Marketing psychology (and data) tells us that the more individual engagement points people have with your brand, the more likely they are to convert. By taking them down through your funnel step by step giving value and then making a “small ask” before you ask for the big thing like purchasing your course, you’ll dramatically lower your cost per sale and most importantly increase your ROAS.
Here’s an example of tripwire copy:
A few things to notice here…
- We kept the brand messaging theme consistent
- We solved any objections or concerns about the price while avoiding the use of the word “FREE” as Facebook tends to frown on that style of terminology and it debatably devalues your offer
- Added a little humor into the copy and creative to keep it light and natural without pushing any boundaries on Facebook’s Ad Policies
- Inserted a clear, concise call to action that tells them what they need to do and sets the expectation that they will need to provide an email
Bottom Of Funnel = Hot Audience
And finally, in the bottom of your funnel lies the “hot audience”. This audience is filled with both people who have converted from your lower level offers and your superfans that have purchased products in the past. It’s where most of your ‘retargeting’ will take place.
You know when you’re looking at a product online and you add the product to the ‘cart’ and then 5 minutes later you get an ad on Facebook like “Hey, did you forget something? Return to your cart and use this 10% off coupon!” Well, that’s considered a bottom of funnel ad in Facebook lingo.
This is where it’s most effective to make those high-end/high-dollar offers.
I.e. They’ve expressed interest by viewing the content on a specific product page or even added that product to the cart as mentioned above in an example – this information is vital because it allows you to segment your ad sets (audiences) and show only the most relative offers.

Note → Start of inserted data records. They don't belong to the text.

lemma colon_generated: "subring R \<Longrightarrow> colon R (generated R X) = colon R X"
proof
  assume R: "subring R"
  show "colon R (generated R X) \<subseteq> colon R X"
    by (intro colon_antimono generated_superset)
  show "colon R X \<subseteq> colon R (generated R X)"
  proof
    fix z assume "z \<in> colon R X"
    then have "generated R X \<subseteq> {e. z * e \<in> R}"
      unfolding colon_def
      by (intro generated_least is_submod_preimage_mult subring_is_submod[OF R]) blast
    then show "z \<in> colon R (generated R X)"
      unfolding colon_def by blast
  qed
qed

lemma colon_image_mult:
  fixes x :: "'a::field"
  assumes "x \<noteq> 0"
  shows "colon T ((*) x ` E) = (*) (inverse x) ` colon T E"
proof -
  have "z \<in> colon T ((*) x ` E) \<longleftrightarrow> x * z \<in> colon T E" for z
    unfolding colon_def by (simp add: ac_simps)
  moreover have "z \<in> (*) (inverse x) ` A \<longleftrightarrow> x * z \<in> A" for z and A :: "'a set"
    using assms by (auto simp: image_iff field_simps intro: bexI[of _ "x * z"])
  ultimately show ?thesis
    by blast
qed

lemma subset_v_op: "E \<subseteq> v_op T E"
  unfolding v_op_def colon_def by (auto simp: mult.commute)

lemma v_op_mono: "E \<subseteq> E' \<Longrightarrow> v_op T E \<subseteq> v_op T E'"
  unfolding v_op_def by (intro colon_antimono)

lemma colon_v_op: "colon T (v_op T E) = colon T E"
  by (metis colon_antimono subset_antisym subset_v_op v_op_def)

lemma v_op_idem: "v_op T (v_op T E) = v_op T E"
  unfolding v_op_def[of T "v_op T E"] colon_v_op by (simp add: v_op_def)

lemma v_op_image_mult: "(x::'a::field) \<noteq> 0 \<Longrightarrow> v_op T ((*) x ` E) = (*) x ` v_op T E"
  unfolding v_op_def by (simp add: colon_image_mult)

lemma v_op_ring: "subring R \<Longrightarrow> v_op R R = R"
  unfolding v_op_def by (simp add: colon_ring)

lemma semistar_v_op:
  assumes T: "subring T"
  shows "semistar T (v_op T)"
proof -
  have "v_op T E \<in> Fbar T" if E: "E \<in> Fbar T" for E
  proof -
    obtain e where "e \<in> E" "e \<noteq> 0"
      using E by (rule Fbar_nonzero)
    then show ?thesis
      using subset_v_op[of E T] is_submod_colon[OF T] unfolding v_op_def
      by (blast intro: FbarI)
  qed
  then show ?thesis
    unfolding semistar_def
    by (simp add: v_op_image_mult v_op_mono subset_v_op v_op_idem)
qed

lemma t_op_ffg: "subring R \<Longrightarrow> F \<in> ffg R \<Longrightarrow> t_op R F = v_op R F"
  unfolding t_op_def using star_f_ffg semistar_v_op by blast

lemma t_op_ring: "subring R \<Longrightarrow> t_op R R = R"
  by (simp add: t_op_ffg ring_in_ffg v_op_ring)

lemma t_op_eq_ring_iff_colon:
  assumes R: "subring R" and F: "F \<in> ffg R" "F \<subseteq> R"
  shows "t_op R F = R \<longleftrightarrow> colon R F \<subseteq> R"
proof -
  have "R \<subseteq> colon R F"
    using colon_antimono[OF F(2)] colon_ring[OF R] by blast
  then show ?thesis
    using colon_v_op[of R F] v_op_ring[OF R] colon_ring[OF R]
    unfolding t_op_ffg[OF R F(1)] v_op_def
    by (metis subset_antisym)
qed

section \<open>Localizations and quasi-primes\<close>

lemma loc_mono: "A \<subseteq> B \<Longrightarrow> (\<And>s. s \<in> A \<Longrightarrow> s \<notin> P \<Longrightarrow> s \<notin> Q) \<Longrightarrow> loc A P \<subseteq> loc B Q"
  unfolding loc_def by blast

lemma mem_loc: "subring R \<Longrightarrow> 1 \<notin> P \<Longrightarrow> a \<in> R \<Longrightarrow> a \<in> loc R P"
  unfolding loc_def using subring_one by (intro CollectI exI[of _ a] exI[of _ 1]) auto

lemma loc_eq_if_subset_loc:
  assumes D: "subring D" and DT: "D \<subseteq> T" and P0: "0 \<in> P"
    and prime: "\<And>a b. a \<in> T \<Longrightarrow> b \<in> T \<Longrightarrow> a * b \<in> P \<Longrightarrow> a \<in> P \<or> b \<in> P"
    and T: "T \<subseteq> loc D (P \<inter> D)"
  shows "loc T P = loc D (P \<inter> D)"
proof
  show "loc D (P \<inter> D) \<subseteq> loc T P"
    using DT by (intro loc_mono) auto
  show "loc T P \<subseteq> loc D (P \<inter> D)"
  proof
    fix z assume "z \<in> loc T P"
    then obtain a s where as: "z = a / s" "a \<in> T" "s \<in> T" "s \<notin> P"
      unfolding loc_def by blast
    obtain a1 b1 where ab1: "a = a1 / b1" "a1 \<in> D" "b1 \<in> D" "b1 \<notin> P"
      using as(2) T unfolding loc_def by blast
    obtain a2 b2 where ab2: "s = a2 / b2" "a2 \<in> D" "b2 \<in> D" "b2 \<notin> P"
      using as(3) T unfolding loc_def by blast
    have "b2 \<noteq> 0"
      using ab2(4) P0 by blast
    then have "a2 = s * b2"
      using ab2(1) by simp
    then have a2: "a2 \<notin> P" "a2 \<noteq> 0"
      using prime[of s b2] as(3,4) ab2(3,4) DT P0 by auto
    have "b1 * a2 \<notin> P"
      using prime[of b1 a2] ab1(3,4) ab2(2) a2(1) DT by auto
    moreover have "b1 * a2 \<in> D" "a1 * b2 \<in> D"
      using subring_mult[OF D] ab1 ab2 by auto
    moreover have "z = (a1 * b2) / (b1 * a2)"
      using as(1) ab1(1) ab2(1) \<open>b2 \<noteq> 0\<close> a2(2) P0 ab1(4) by (auto simp: field_simps)
    ultimately show "z \<in> loc D (P \<inter> D)"
      unfolding loc_def by blast
  qed
qed

lemma common_denominator:
  assumes D: "subring D" and P1: "1 \<notin> P"
    and mult: "\<And>a b. a \<in> D \<Longrightarrow> b \<in> D \<Longrightarrow> a \<notin> P \<Longrightarrow> b \<notin> P \<Longrightarrow> a * b \<notin> P"
    and X: "finite X" "X \<subseteq> loc D P"
  shows "\<exists>s\<in>D. s \<notin> P \<and> (\<forall>x\<in>X. s * x \<in> D)"
  using X
proof (induction X rule: finite_induct)
  case empty
  then show ?case
    using subring_one[OF D] P1 by blast
next
  case (insert x X)
  then obtain s where s: "s \<in> D" "s \<notin> P" "\<forall>y\<in>X. s * y \<in> D"
    by auto
  obtain a t where at: "x = a / t" "a \<in> D" "t \<in> D" "t \<notin> P"
    using insert.prems unfolding loc_def by blast
  have "s * t * x \<in> D"
    using at s subring_mult[OF D] subring_zero[OF D] by (cases "t = 0") auto
  moreover have "s * t * y \<in> D" if "y \<in> X" for y
    using subring_mult[OF D at(3) bspec[OF s(3) that]] by (simp add: ac_simps)
  ultimately show ?case
    using s at mult subring_mult[OF D] by (intro bexI[of _ "s * t"]) auto
qed

lemma quasi_primeD:
  assumes "quasi_prime R st Q"
  shows "Q \<subseteq> R" "is_submod R Q" "Q \<noteq> R" "Q \<noteq> {0}" "st Q \<inter> R = Q"
    "\<And>a b. a \<in> R \<Longrightarrow> b \<in> R \<Longrightarrow> a * b \<in> Q \<Longrightarrow> a \<in> Q \<or> b \<in> Q"
  using assms unfolding quasi_prime_def prime_ideal_def by auto

lemma one_notin_quasi_prime:
  assumes "subring R" "quasi_prime R st Q"
  shows "1 \<notin> Q"
  using is_submod_mult[OF quasi_primeD(2)[OF assms(2)], of _ 1] quasi_primeD(1,3)[OF assms(2)]
  by force

lemma exists_nonzero_mem_subring:
  assumes "quotient_field_is_UNIV D" "D \<subseteq> S" "is_submod S Q" "Q \<noteq> {0}"
  shows "\<exists>a\<in>D. a \<in> Q \<and> a \<noteq> 0"
proof -
  obtain q where q: "q \<in> Q" "q \<noteq> 0"
    using assms(3,4) is_submod_zero by blast
  obtain a b where ab: "a \<in> D" "b \<in> D" "b \<noteq> 0" "q = a / b"
    using assms(1) unfolding quotient_field_is_UNIV_def by blast
  then have "b * q = a" "a \<noteq> 0"
    using q(2) by auto
  moreover have "b * q \<in> Q"
    using is_submod_mult[OF assms(3) _ q(1)] ab(2) assms(2) by blast
  ultimately show ?thesis
    using ab(1) by auto
qed

section \<open>Quasi-primes from maximal ideals\<close>

definition star_f_maximal :: "'a::field set \<Rightarrow> ('a set \<Rightarrow> 'a set) \<Rightarrow> 'a set \<Rightarrow> bool" where
  "star_f_maximal T st M \<longleftrightarrow> is_submod T M \<and> M \<subseteq> T \<and> 1 \<notin> star_f T st M \<and>
     (\<forall>I. is_submod T I \<longrightarrow> I \<subseteq> T \<longrightarrow> M \<subseteq> I \<longrightarrow> 1 \<notin> star_f T st I \<longrightarrow> I = M)"

lemma star_f_maximalD:
  assumes "star_f_maximal T st M"
  shows "is_submod T M" "M \<subseteq> T" "1 \<notin> star_f T st M" "0 \<in> M"
    "\<And>I. is_submod T I \<Longrightarrow> I \<subseteq> T \<Longrightarrow> M \<subseteq> I \<Longrightarrow> 1 \<notin> star_f T st I \<Longrightarrow> I = M"
  using assms is_submod_zero[of T M] unfolding star_f_maximal_def by simp_all

lemma star_f_maximal_escape:
  assumes T: "subring T" and st: "semistar T st" and M: "star_f_maximal T st M"
    and x: "x \<in> T" "x \<notin> M"
  shows "\<exists>H. finite H \<and> H \<subseteq> M \<and> 1 \<in> st (generated T (insert x H))"
proof -
  let ?N = "generated T (insert x M)"
  have N: "?N \<subseteq> T" "M \<subseteq> ?N" "x \<in> ?N"
    using generated_least[OF subring_is_submod[OF T], of "insert x M"] x(1) star_f_maximalD(2)[OF M]
      generated_superset[of "insert x M" T] by auto
  have "1 \<in> star_f T st ?N"
  proof (rule ccontr)
    assume "1 \<notin> star_f T st ?N"
    then have "?N = M"
      by (rule star_f_maximalD(5)[OF M is_submod_generated N(1,2)])
    with N(3) x(2) show False
      by simp
  qed
  then obtain F where F: "1 \<in> st F" "F \<in> ffg T" "F \<subseteq> ?N"
    by (rule star_fE)
  obtain H where H: "finite H" "H \<subseteq> M" "F \<subseteq> generated T (insert x H)"
    using ffg_subset_generated_insert[OF F(2,3)] by blast
  have "generated T (insert x H) \<in> Fbar T"
    using x(2) star_f_maximalD(4)[OF M] H(1) by (intro ffg_Fbar generated_in_ffg[of _ x]) auto
  then have "1 \<in> st (generated T (insert x H))"
    using semistar_mono[OF st ffg_Fbar[OF F(2)] _ H(3)] F(1) by blast
  with H(1,2) show ?thesis
    by blast
qed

If you’ve got 4, 8 and 12 week programs and someone adds the 8 week program to the cart but doesn’t purchase, they have essentially told you which product they are interested in. With this information you should only show them an offer for the exact product they expressed interest for.
Also, if you want to go deeper into the targeting you can consider a flow like:
- Show a full price offer to people that added to cart in the last 3 days
- Show a discounted offer to people that added to cart 3-7 days ago
- Show a large discount, plus a bonus to people that added to cart 7-14 days ago
The ideology here is that if someone very recently expressed a strong interest (like adding your product to the cart) they are very likely to buy, so save yourself the 20% (or whatever your discount is) by first offering it full price first because they very well might purchase it at that price. Then you can layer down, sweetening the offer as time goes on, testing different approaches to entice them into buying.
Note: be sure to exclude a custom audience of people that purchased, otherwise you’ll be wasting money.
Here’s an example of the copy framework for a bottom of funnel ad:
Essentially, the framework is like:
- Problem Question
- Answer the Problem Questions
- Origin Story
- Make the Offer
- Bullet Point Benefit List
- Call To Action
As we’ve said, this isn’t a “rule all framework”, it’s important that with every single offer you present you test various sets of copy and creative.
If you have one takeaway from this article please make it this: Build your ad sets based on specific actions people have (or haven’t) taken and write your ad copy towards that individual person. The data will help you understand what level they are at and the likelihood they will actually purchase.
Additionally, focus on how it will change their circumstances and you’ll convert more people and change more lives.